Task details: With both ends included, repeat exactly the lines of the entries below from the one containing "using \<sigma>_edge[of i] that by simp" down to the one containing "(map \<sigma> p) = g", and no others.

··· Data supplied ···

lemma segment_path_reach_between_ends:
  assumes sp: "segment_path n E p" and X: "\<forall>v\<in>X. deg E v \<noteq> 2"
    and "{x1, b1} \<in> path_edges p" "{x2, b2} \<in> path_edges p"
    and "x1 \<in> X" "x2 \<in> X" "x1 \<noteq> x2" "b1 \<notin> X" "b2 \<notin> X"
  shows "(b1, b2) \<in> (adj {e\<in>E. e \<inter> X = {}})\<^sup>*"
proof -
  let ?L = "length p"
  have "(p ! 0 = x1 \<and> p ! 1 = b1 \<and> p ! (?L - 1) = x2 \<and> p ! (?L - 2) = b2) \<or>
        (p ! 0 = x2 \<and> p ! 1 = b2 \<and> p ! (?L - 1) = x1 \<and> p ! (?L - 2) = b1)"
    using segment_path_edge_end[OF sp assms(3)] segment_path_edge_end[OF sp assms(4)] assms by auto
  moreover have "2 \<le> ?L" using sp by (simp add: segment_path_def)
  moreover from calculation have "1 \<le> ?L - 2" "?L - 2 < ?L"
    using assms(5,6,8,9) by (cases "?L = 2", auto)
  ultimately show ?thesis
    using segment_path_reach_avoiding[OF sp, of 1 "?L - 2" X] assms(8,9) X reach_sym by auto
qed

lemma path_edges_map: "path_edges (map \<sigma> p) = image \<sigma> ` path_edges p"
proof -
  have "{map \<sigma> p ! i, map \<sigma> p ! Suc i} = \<sigma> ` {p ! i, p ! Suc i}" if "Suc i < length p" for i
    using that by simp
  then show ?thesis
    unfolding path_edges_def length_map image_Collect by (intro Collect_cong) metis
qed

lemma segment_path_map:
  assumes sp: "segment_path n E p" and "inj_on \<sigma> (set p)" "\<sigma> ` set p \<subseteq> {..<n}"
    and "\<And>i. Suc i < length p \<Longrightarrow> {\<sigma> (p ! i), \<sigma> (p ! Suc i)} \<in> E'"
    and "\<And>v. v \<in> set p \<Longrightarrow> deg E' (\<sigma> v) = 2 \<longleftrightarrow> deg E v = 2"
  shows "segment_path n E' (map \<sigma> p)"
proof -
  have "p \<noteq> []" using sp by (auto simp: segment_path_def)
  then have "hd p \<in> set p" "last p \<in> set p" "hd (map \<sigma> p) = \<sigma> (hd p)" "last (map \<sigma> p) = \<sigma> (last p)"
    by (auto simp: hd_map last_map)
  then show ?thesis
    using assms unfolding segment_path_def by (auto simp: distinct_map)
qed

lemma segments_reroute:
  fixes E0 :: "nat set set" and x1 x2 y1 y2 b1 b2 :: nat
  defines "E \<equiv> insert {x1, b1} (insert {x2, b2} E0)"
    and "E' \<equiv> insert {y1, b1} (insert {y2, b2} E0)"
  assumes deg2: "\<And>v. deg E' v = 2 \<longleftrightarrow> deg E v = 2"
    and nondeg2: "deg E x1 \<noteq> 2" "deg E x2 \<noteq> 2" "deg E y1 \<noteq> 2" "deg E y2 \<noteq> 2"
    and ne: "y1 \<notin> {x1, x2}" "y2 \<notin> {x1, x2}" "b1 \<notin> {x1, x2}" "b2 \<notin> {x1, x2}" "b1 \<noteq> b2"
    and yn: "y1 < n" "y2 < n"
    and sep: "(b1, y1) \<notin> (adj E0)\<^sup>*" "(b2, y2) \<notin> (adj E0)\<^sup>*" "y1 = y2 \<Longrightarrow> (b1, b2) \<notin> (adj E0)\<^sup>*"
    and S: "S \<in> segments n E"
  shows "id({x1, b1} := {y1, b1}, {x2, b2} := {y2, b2}) ` S \<in> segments n E'"
proof -
  obtain p where sp: "segment_path n E p" and S_eq: "S = path_edges p"
    using S unfolding segments_def by blast
  define P1 where "P1 \<longleftrightarrow> {x1, b1} \<in> path_edges p"
  define P2 where "P2 \<longleftrightarrow> {x2, b2} \<in> path_edges p"
  \<comment> \<open>\<open>\<sigma>\<close> moves the end \<open>x1\<close> (\<open>x2\<close>) of \<open>p\<close> to \<open>y1\<close> (\<open>y2\<close>) if \<open>p\<close> uses the edge \<open>{x1, b1}\<close>
    (\<open>{x2, b2}\<close>); the separation hypotheses keep the moved path simple.\<close>
  define \<sigma> where "\<sigma> v = (if v = x1 \<and> P1 then y1 else if v = x2 \<and> P2 then y2 else v)" for v
  define g where "g = id({x1, b1} := {y1, b1}, {x2, b2} := {y2, b2})"
  have avoid_E0: "(u, v) \<in> (adj E0)\<^sup>*" if "(u, v) \<in> (adj {e\<in>E. e \<inter> {x1, x2} = {}})\<^sup>*" for u v
    using reach_mono[OF _ that] unfolding E_def by auto
  have y1_notin: "y1 \<notin> set p" if P1
    using segment_path_reach_from_end[OF sp, of "{x1, x2}" x1 b1 y1] avoid_E0 that ne nondeg2 sep
    unfolding P1_def by auto
  have y2_notin: "y2 \<notin> set p" if P2
    using segment_path_reach_from_end[OF sp, of "{x1, x2}" x2 b2 y2] avoid_E0 that ne nondeg2 sep
    unfolding P2_def by auto
  have y1_neq_y2: "y1 \<noteq> y2" if P1 P2 "x1 \<noteq> x2"
    using segment_path_reach_between_ends[OF sp, of "{x1, x2}" x1 b1 x2 b2] avoid_E0 that ne
      nondeg2 sep
    unfolding P1_def P2_def by auto
  have not_both: "\<not> (P1 \<and> P2)" if "x1 = x2"
  proof
    assume "P1 \<and> P2"
    then have "{x1, b1} = {x1, b2}"
      using segment_path_edges_at_nondeg2_eq[OF sp, of "{x1, b1}" "{x1, b2}" x1] that nondeg2
      unfolding P1_def P2_def by simp
    then show False using ne by (auto simp: doubleton_eq_iff)
  qed
  have \<sigma>_edge: "\<sigma> ` {p ! i, p ! Suc i} = g {p ! i, p ! Suc i} \<and> g {p ! i, p ! Suc i} \<in> E'"
    if "Suc i < length p" for i
  proof -
    define e where "e = {p ! i, p ! Suc i}"
    have e: "e \<in> path_edges p" "e \<in> E"
      using that sp unfolding e_def path_edges_def segment_path_def by auto
    have g12: "{x1, b1} \<noteq> {x2, b2}" using ne by (auto simp: doubleton_eq_iff)
    consider "e = {x1, b1}" | "e = {x2, b2}" | "e \<notin> {{x1, b1}, {x2, b2}}" by blast
    then have "\<sigma> ` e = g e \<and> g e \<in> E'"
    proof cases
      case 1
      then show ?thesis using e(1) ne g12 unfolding \<sigma>_def g_def P1_def E'_def by auto
    next
      case 2
      then have "\<not> (x2 = x1 \<and> P1)" using e(1) not_both unfolding P2_def by auto
      then show ?thesis using 2 e(1) ne g12 unfolding \<sigma>_def g_def P2_def E'_def by auto
    next
      case 3
      have "\<sigma> w = w" if "w \<in> e" for w
        using segment_path_edges_at_nondeg2_eq[OF sp e(1), of "{x1, b1}" w]
          segment_path_edges_at_nondeg2_eq[OF sp e(1), of "{x2, b2}" w] that 3 nondeg2
        unfolding \<sigma>_def P1_def P2_def by auto
      then show ?thesis using 3 e(2) unfolding g_def E_def E'_def by auto
    qed
    then show ?thesis unfolding e_def .
  qed
  have "segment_path n E' (map \<sigma> p)"
  proof (rule segment_path_map[OF sp])
    have moved: "\<sigma> v \<notin> set p" if "\<sigma> v \<noteq> v" for v
      using that y1_notin y2_notin unfolding \<sigma>_def by (auto split: if_splits)
    have both_moved: "u = v" if "\<sigma> u = \<sigma> v" "\<sigma> u \<noteq> u" "\<sigma> v \<noteq> v" for u v
      using that y1_neq_y2 not_both unfolding \<sigma>_def by (auto split: if_splits)
    show "inj_on \<sigma> (set p)"
      by (rule inj_onI) (metis moved both_moved)
    show "\<sigma> ` set p \<subseteq> {..<n}"
      using sp yn unfolding \<sigma>_def segment_path_def by auto
    show "{\<sigma> (p ! i), \<sigma> (p ! Suc i)} \<in> E'" if "Suc i < length p" for i
      using \<sigma>_edge[of i] that by simp
    show "deg E' (\<sigma> v) = 2 \<longleftrightarrow> deg E v = 2" for v
      using deg2 nondeg2 unfolding \<sigma>_def by auto
  qed
  moreover have "path_edges (map \<sigma> p) = g ` S"
    unfolding path_edges_map S_eq
    by (rule image_cong) (use \<sigma>_edge in \<open>auto simp: path_edges_def\<close>)
  ultimately show ?thesis unfolding segments_def g_def by blast
qed

lemma card_segments_le:
  assumes "inj_on g E" "finite E'" "image g ` segments n E \<subseteq> segments n E'"
  shows "card (segments n E) \<le> card (segments n E')"
proof -
  have segments_Pow: "segments n F \<subseteq> Pow F" for F
    unfolding segments_def segment_path_def path_edges_def by auto
  have "inj_on (image g) (segments n E)"
    using inj_on_image_Pow[OF assms(1)] segments_Pow by (rule inj_on_subset)
  then have "card (segments n E) = card (image g ` segments n E)"
    by (simp add: card_image)
  also have "\<dots> \<le> card (segments n E')"
    using assms(2,3) segments_Pow[of E'] by (intro card_mono) (auto intro: finite_subset)
  finally show ?thesis .
qed

lemma inj_on_id_upd2: "a' \<notin> E \<Longrightarrow> c' \<notin> E \<Longrightarrow> a' \<noteq> c' \<Longrightarrow> inj_on (id(a := a', c := c')) E"
  by (intro inj_on_fun_updI) auto

lemma edge_weight_gain:
  fixes d d' :: "nat \<Rightarrow> nat"
  assumes d': "\<And>z. d' z = (if z = x then 1 else if z = y1 \<or> z = y2 then 4 else d z)"
    and deg3: "d x = 3" "d y1 = 3" "d y2 = 3"
    and ne: "x \<noteq> y1" "x \<noteq> y2" "y1 \<noteq> y2" "u \<noteq> v"
    and bounds: "1 \<le> d u" "d u \<le> 4" "1 \<le> d v" "d v \<le> 4"
  shows "of_bool (y1 \<in> {u, v}) + of_bool (y2 \<in> {u, v}) - 8 * of_bool (x \<in> {u, v})
      + of_bool (y1 \<in> {u, v} \<and> (\<forall>z\<in>{u, v}. 2 \<le> d z))
    \<le> int (d' u * d' v) - int (d u * d v)"
  using assms by (auto simp: d')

···

Solution for this task:
      using \<sigma>_edge[of i] that by simp
    show "deg E' (\<sigma> v) = 2 \<longleftrightarrow> deg E v = 2" for v
      using deg2 nondeg2 unfolding \<sigma>_def by auto
  qed
  moreover have "path_edges (map \<sigma> p) = g ` S"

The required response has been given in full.